Regarding X-Forwarded-Proto in https://github.com/jupyterhub/jupyter-rsession-proxy/issues/95#issuecomment-730646393, I considered altering this header value to avoid the problematic behavior, but this could turn into whack-a-mole. For example we could have jupyter-server-proxy set the header to http (since that is how it is being served here), but a later version of RStudio my decide it doesn't want to be served that way. If X-F-P was always http, RStudio would think that the client wasn't communicating over https and issue a redirect to the https endpoint. This would cause a loop.

So I'm thinking that the right way forward is to discuss the X-F-P behavior with RStudio.

Also, I'm aware that I have turned my issue into "fix all 1.4 related proxy things" which I shouldn't have. Sorry about that. I'll commit either my or @blairdrummond's root path patches and then create a new issue for X-Forwarded-Proto.

cboettig commented 3 years ago

Thanks much @ryanlovett . Definitely support touching base with the RStudio team on this. As you know they've always been very responsive in the past!

ryanlovett commented 3 years ago

Created #96 to address the root path issue.
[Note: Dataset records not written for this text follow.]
lemma cocompact_conj_transversal:
  assumes cocpt: "cocompact_in (Gam \<inter> conj_set xi H) (conj_set xi H)" and xi: "xi \<in> O_n1"
  obtains C where "compact C" "C \<subseteq> H"
    "\<forall>u\<in>H. \<exists>g\<in>Gam \<inter> conj_set xi H. \<exists>w\<in>C. xi o\<^sub>L u = g o\<^sub>L xi o\<^sub>L w"
proof -
  obtain C' where C': "compact C'" "C' \<subseteq> conj_set xi H"
    "\<forall>h\<in>conj_set xi H. \<exists>g\<in>Gam \<inter> conj_set xi H. \<exists>c\<in>C'. h = g o\<^sub>L c"
    using cocpt unfolding cocompact_in_def by blast
  obtain L where L: "L o\<^sub>L xi = id_blinfun"
    using O_n1_left_inverse[OF xi] by blast
  have pull_back: "L o\<^sub>L c o\<^sub>L xi = w" if "c o\<^sub>L xi = xi o\<^sub>L w" for c w
    using arg_cong[OF that, of "\<lambda>Z. L o\<^sub>L Z"] L by (simp flip: blinfun_compose_assoc)
  show thesis
  proof (rule that)
    show "compact ((\<lambda>c. L o\<^sub>L c o\<^sub>L xi) ` C')"
      by (rule compact_continuous_image[OF _ C'(1)]) (intro continuous_intros)
    show "(\<lambda>c. L o\<^sub>L c o\<^sub>L xi) ` C' \<subseteq> H"
      using C'(2) pull_back unfolding conj_set_def by force
    show "\<forall>u\<in>H. \<exists>g\<in>Gam \<inter> conj_set xi H. \<exists>w\<in>(\<lambda>c. L o\<^sub>L c o\<^sub>L xi) ` C'. xi o\<^sub>L u = g o\<^sub>L xi o\<^sub>L w"
    proof
      fix u assume u: "u \<in> H"
      have "(xi o\<^sub>L u o\<^sub>L L) o\<^sub>L xi = xi o\<^sub>L u" using L by simp
      then have "xi o\<^sub>L u o\<^sub>L L \<in> conj_set xi H" unfolding conj_set_def using u by blast
      then obtain g c where g: "g \<in> Gam \<inter> conj_set xi H" and c: "c \<in> C'"
        and split: "xi o\<^sub>L u o\<^sub>L L = g o\<^sub>L c"
        using C'(3) by blast
      obtain w where w: "c o\<^sub>L xi = xi o\<^sub>L w" using C'(2) c unfolding conj_set_def by blast
      have "xi o\<^sub>L u = g o\<^sub>L xi o\<^sub>L w"
        using arg_cong[OF split, of "\<lambda>Z. Z o\<^sub>L xi"] L w by simp
      then show "\<exists>g\<in>Gam \<inter> conj_set xi H. \<exists>w\<in>(\<lambda>c. L o\<^sub>L c o\<^sub>L xi) ` C'. xi o\<^sub>L u = g o\<^sub>L xi o\<^sub>L w"
        using g c pull_back[OF w] by blast
    qed
  qed
qed

lemma finite_cocompact_conj_transversal:
  assumes "finite Xi" "Xi \<subseteq> O_n1" "\<forall>xi\<in>Xi. cocompact_in (Gam \<inter> conj_set xi H) (conj_set xi H)"
    and "compact eta0" "eta0 \<subseteq> H"
  obtains eta where "compact eta" "eta0 \<subseteq> eta" "eta \<subseteq> H"
    "\<forall>xi\<in>Xi. \<forall>u\<in>H. \<exists>g\<in>Gam \<inter> conj_set xi H. \<exists>w\<in>eta. xi o\<^sub>L u = g o\<^sub>L xi o\<^sub>L w"
proof -
  have "\<exists>C. compact C \<and> C \<subseteq> H \<and> (\<forall>u\<in>H. \<exists>g\<in>Gam \<inter> conj_set xi H. \<exists>w\<in>C. xi o\<^sub>L u = g o\<^sub>L xi o\<^sub>L w)"
    if xi: "xi \<in> Xi" for xi
  proof -
    have "cocompact_in (Gam \<inter> conj_set xi H) (conj_set xi H)" "xi \<in> O_n1"
      using assms(2,3) xi by blast+
    then obtain C where "compact C" "C \<subseteq> H"
      "\<forall>u\<in>H. \<exists>g\<in>Gam \<inter> conj_set xi H. \<exists>w\<in>C. xi o\<^sub>L u = g o\<^sub>L xi o\<^sub>L w"
      by (rule cocompact_conj_transversal)
    then show ?thesis by blast
  qed
  then have "\<forall>xi\<in>Xi. \<exists>C. compact C \<and> C \<subseteq> H \<and>
      (\<forall>u\<in>H. \<exists>g\<in>Gam \<inter> conj_set xi H. \<exists>w\<in>C. xi o\<^sub>L u = g o\<^sub>L xi o\<^sub>L w)"
    by blast
  from bchoice[OF this] obtain C where C: "\<forall>xi\<in>Xi. compact (C xi) \<and> C xi \<subseteq> H \<and>
      (\<forall>u\<in>H. \<exists>g\<in>Gam \<inter> conj_set xi H. \<exists>w\<in>C xi. xi o\<^sub>L u = g o\<^sub>L xi o\<^sub>L w)"
    by blast
  show thesis
  proof (rule that[of "eta0 \<union> (\<Union>xi\<in>Xi. C xi)"])
    show "compact (eta0 \<union> (\<Union>xi\<in>Xi. C xi))"
      using assms(1,4) C by (intro compact_Un compact_UN) auto
    show "eta0 \<union> (\<Union>xi\<in>Xi. C xi) \<subseteq> H"
      using assms(5) C by blast
    show "\<forall>xi\<in>Xi. \<forall>u\<in>H. \<exists>g\<in>Gam \<inter> conj_set xi H. \<exists>w\<in>eta0 \<union> (\<Union>xi\<in>Xi. C xi).
        xi o\<^sub>L u = g o\<^sub>L xi o\<^sub>L w"
    proof (intro ballI)
      fix xi u assume "xi \<in> Xi" "u \<in> H"
      then obtain g w where "g \<in> Gam \<inter> conj_set xi H" "w \<in> C xi" "xi o\<^sub>L u = g o\<^sub>L xi o\<^sub>L w"
        using C by blast
      then show "\<exists>g\<in>Gam \<inter> conj_set xi H. \<exists>w\<in>eta0 \<union> (\<Union>xi\<in>Xi. C xi). xi o\<^sub>L u = g o\<^sub>L xi o\<^sub>L w"
        using \<open>xi \<in> Xi\<close> by blast
    qed
  qed blast
qed

lemma low_cusp_translate_meets_Siegel_set:
  fixes sigma :: "'n::finite lmap"
  assumes tor: "split_torus a" and K: "subgroup_of K G_SOn1" and sigma: "sigma \<in> K"
    and sigma_a: "\<And>t. sigma o\<^sub>L a t = a (- t) o\<^sub>L sigma"
    and Gam: "subgroup_of Gam G_SOn1" and e: "id_blinfun \<in> Xi"
    and transversal: "\<forall>xi\<in>Xi. \<forall>u\<in>N_grp a. \<exists>g\<in>Gam \<inter> conj_set xi (N_grp a). \<exists>w\<in>eta.
        xi o\<^sub>L u = g o\<^sub>L xi o\<^sub>L w"
    and g: "g \<in> Gam" and xi: "xi \<in> Xi" and u1: "u1 \<in> N_grp a" and u2: "u2 \<in> N_grp a"
    and m: "m \<in> M_grp a K" and g_xi: "g o\<^sub>L xi = u1 o\<^sub>L sigma o\<^sub>L m o\<^sub>L a r o\<^sub>L u2"
    and low: "r + s0 \<le> - s1"
  obtains g1 g2 h where "g1 \<in> conj_set xi (N_grp a)" "g2 \<in> N_grp a" "h \<in> Gam"
    "g o\<^sub>L g1 = g2 o\<^sub>L h"
    "setmul {h o\<^sub>L xi} (Omega a K eta s0) \<inter> setmul {id_blinfun} (Omega a K eta s1) \<noteq> {}"
proof -
  obtain u2' where u2': "u2' \<in> N_grp a" "u2 o\<^sub>L u2' = id_blinfun"
    using N_grp_inverse[OF u2] by blast
  obtain g1 w where g1: "g1 \<in> Gam \<inter> conj_set xi (N_grp a)" and w: "w \<in> eta"
    and xi_u2': "xi o\<^sub>L u2' = g1 o\<^sub>L xi o\<^sub>L w"
    using transversal xi u2'(1) by blast
  obtain g2 c where g2: "g2 \<in> Gam \<inter> N_grp a" and c: "c \<in> eta" and u1_eq: "u1 = g2 o\<^sub>L c"
    using transversal e u1 by fastforce
  obtain g2' where g2': "g2' \<in> Gam" "g2 o\<^sub>L g2' = id_blinfun" "g2' o\<^sub>L g2 = id_blinfun"
    using subgroup_ofD(3)[OF Gam] g2 by blast
  define h where "h = g2' o\<^sub>L g o\<^sub>L g1"
  have "h o\<^sub>L xi o\<^sub>L w = g2' o\<^sub>L (g o\<^sub>L xi) o\<^sub>L u2'"
    using xi_u2' by (simp add: h_def)
  also have "\<dots> = g2' o\<^sub>L (u1 o\<^sub>L sigma o\<^sub>L m o\<^sub>L a r o\<^sub>L u2) o\<^sub>L u2'"
    by (simp only: g_xi)
  also have "\<dots> = c o\<^sub>L sigma o\<^sub>L m o\<^sub>L a r"
    by (simp add: u1_eq blinfun_compose_cancel g2'(3) u2'(2))
  finally have h_xi_w: "h o\<^sub>L xi o\<^sub>L w = c o\<^sub>L sigma o\<^sub>L m o\<^sub>L a r" .
  have "h o\<^sub>L xi o\<^sub>L (w o\<^sub>L a s0 o\<^sub>L id_blinfun) = c o\<^sub>L sigma o\<^sub>L (m o\<^sub>L a (r + s0))"
    using h_xi_w by (simp add: split_torusD(2)[OF tor] flip: blinfun_compose_assoc)
  also have "\<dots> = c o\<^sub>L a (- (r + s0)) o\<^sub>L (sigma o\<^sub>L m)"
    using arg_cong[OF sigma_a[of "r + s0"], of "\<lambda>W. W o\<^sub>L m"] by (simp add: M_grpD(2)[OF m])
  finally have meet: "h o\<^sub>L xi o\<^sub>L (w o\<^sub>L a s0 o\<^sub>L id_blinfun) = c o\<^sub>L a (- (r + s0)) o\<^sub>L (sigma o\<^sub>L m)" .
  show thesis
  proof (rule that)
    show "h \<in> Gam" unfolding h_def using subgroup_ofD(2)[OF Gam] g2'(1) g g1 by blast
    show "g o\<^sub>L g1 = g2 o\<^sub>L h" using g2'(2) by (simp add: h_def flip: blinfun_compose_assoc)
    have "sigma o\<^sub>L m \<in> K" using subgroup_ofD(2)[OF K sigma M_grpD(3)[OF m]] .
    then show "setmul {h o\<^sub>L xi} (Omega a K eta s0) \<inter> setmul {id_blinfun} (Omega a K eta s1) \<noteq> {}"
      using meet w c low subgroup_ofD(1)[OF K] unfolding setmul_def Omega_def by fastforce
  qed (use g1 g2 in auto)
qed

lemma P_grp_if_translate_in_N_M:
  assumes tor: "split_torus a" and K: "subgroup_of K G_SOn1"
    and g1: "g1 \<in> N_grp a" and g2: "g2 \<in> N_grp a" and h: "h \<in> setmul (N_grp a) (M_grp a K)"
    and eq: "g o\<^sub>L g1 = g2 o\<^sub>L h"
  shows "g \<in> P_grp a K"
proof -
  obtain n m where n: "n \<in> N_grp a" and m: "m \<in> M_grp a K" and h_eq: "h = n o\<^sub>L m"
    using h unfolding setmul_def by blast
  obtain g1' where g1': "g1' \<in> N_grp a" "g1 o\<^sub>L g1' = id_blinfun"
    using N_grp_inverse[OF g1] by blast
  have "g = g2 o\<^sub>L n o\<^sub>L m o\<^sub>L g1'"
    using arg_cong[OF eq, of "\<lambda>Z. Z o\<^sub>L g1'"] g1'(2) by (simp add: h_eq)
  then show ?thesis
    using N_M_N_in_P_grp[OF tor K m N_grp_compose[OF tor g2 n] g1'(1)] by simp
qed

lemma cusp_height_lower_bound:
  fixes sigma :: "'n::finite lmap"
  assumes tor: "split_torus a" and K: "subgroup_of K G_SOn1" and sigma: "sigma \<in> K"
    and sigma_a: "\<And>t. sigma o\<^sub>L a t = a (- t) o\<^sub>L sigma"
    and Gam: "subgroup_of Gam G_SOn1" and e: "id_blinfun \<in> Xi"
    and transversal: "\<forall>xi\<in>Xi. \<forall>u\<in>N_grp a. \<exists>g\<in>Gam \<inter> conj_set xi (N_grp a). \<exists>w\<in>eta.
        xi o\<^sub>L u = g o\<^sub>L xi o\<^sub>L w"
    and separated: "\<forall>g\<in>Gam. \<forall>xi1\<in>Xi. \<forall>xi2\<in>Xi.
      setmul {g o\<^sub>L xi1} (Omega a K eta s0) \<inter> setmul {xi2} (Omega a K eta s1) \<noteq> {} \<longrightarrow>
      xi1 = xi2 \<and> g \<in> conj_set xi1 (setmul (N_grp a) (M_grp a K))"
    and g: "g \<in> Gam" and xi: "xi \<in> Xi" and not_P: "g o\<^sub>L xi \<notin> P_grp a K"
    and cusp: "u1 \<in> N_grp a" "u2 \<in> N_grp a" "m \<in> M_grp a K"
      "g o\<^sub>L xi = u1 o\<^sub>L sigma o\<^sub>L m o\<^sub>L a r o\<^sub>L u2"
  shows "- (s0 + s1) \<le> r"
proof (rule ccontr)
  assume "\<not> - (s0 + s1) \<le> r"
  then have "r + s0 \<le> - s1" by simp
  then obtain g1 g2 h where g1: "g1 \<in> conj_set xi (N_grp a)" and g2: "g2 \<in> N_grp a"
    and h: "h \<in> Gam" and translate: "g o\<^sub>L g1 = g2 o\<^sub>L h"
    and meet: "setmul {h o\<^sub>L xi} (Omega a K eta s0) \<inter> setmul {id_blinfun} (Omega a K eta s1) \<noteq> {}"
    by (rule low_cusp_translate_meets_Siegel_set[OF tor K sigma sigma_a Gam e transversal g xi cusp])
  have "xi = id_blinfun" "h \<in> setmul (N_grp a) (M_grp a K)"
    using separated[rule_format, OF h xi e meet] by auto
  then have "g \<in> P_grp a K"
    using P_grp_if_translate_in_N_M[OF tor K _ g2 _ translate] g1 by simp
  with not_P \<open>xi = id_blinfun\<close> show False by simp
qed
But again, I don't think this is enough for the extension to work with RStudio 1.4 in all places, based on the X-Forwarded-Proto issue.

ryanlovett commented 3 years ago

I've created https://github.com/rstudio/rstudio/issues/8888 which is a very appropriate number for a jupyter-related issue!

ryanlovett commented 3 years ago

I'm wondering if it'd be simpler to just immediately send the user to /rstudio/auth-sign-in?appUri=%2F without waiting for RStudio to do it for us. I don't know what the downsides are of visiting this more than once, but it doesn't seem to hurt.

Robinlovelace commented 3 years ago

Just catching up on this and wanted to say huge thanks @ryanlovett and everyone involved in getting Binder/RStudio to play. If you want any testing or help in any way I'm keen, although this is a bit over my head. Will greatly help people trying to organise teaching sessions in reproducible and accessible environments for people with diverse backgrounds.

ryanlovett commented 3 years ago

Fixed by #96, but we still have the X-Forward-Proto issue in #97.

ryanlovett commented 3 years ago

Oh, and just to underscore a new note in the docs:

If you want to use RStudio 1.4.x, you need to set the RSESSION_PROXY_RSTUDIO_1_4 environment variable. This adds additional parameters to the execution of rserver.

vnijs commented 3 years ago

Thanks @ryanlovett! Question: What should you set RSESSION_PROXY_RSTUDIO_1_4 to? A path? True?

ryanlovett commented 3 years ago

@vnijs Sorry, you can just set it to be anything, e.g. 1, yes, no, false. It just can't be the empty string.

ryanlovett commented 3 years ago

@manics absolute_url=True has no effect on the auth issue unfortunately. :(

ShichenXie commented 3 years ago

@vnijs Sorry, you can just set it to be anything, e.g. 1, yes, no, false. It just can't be the empty string.

Thanks. I have a question, where can we set the environment variable RSESSION_PROXY_RSTUDIO_1_4? Insert the following line into the dockerfile? ENV RSESSION_PROXY_RSTUDIO_1_4=yes

ryanlovett commented 3 years ago

@ShichenXie Yep, that'd work.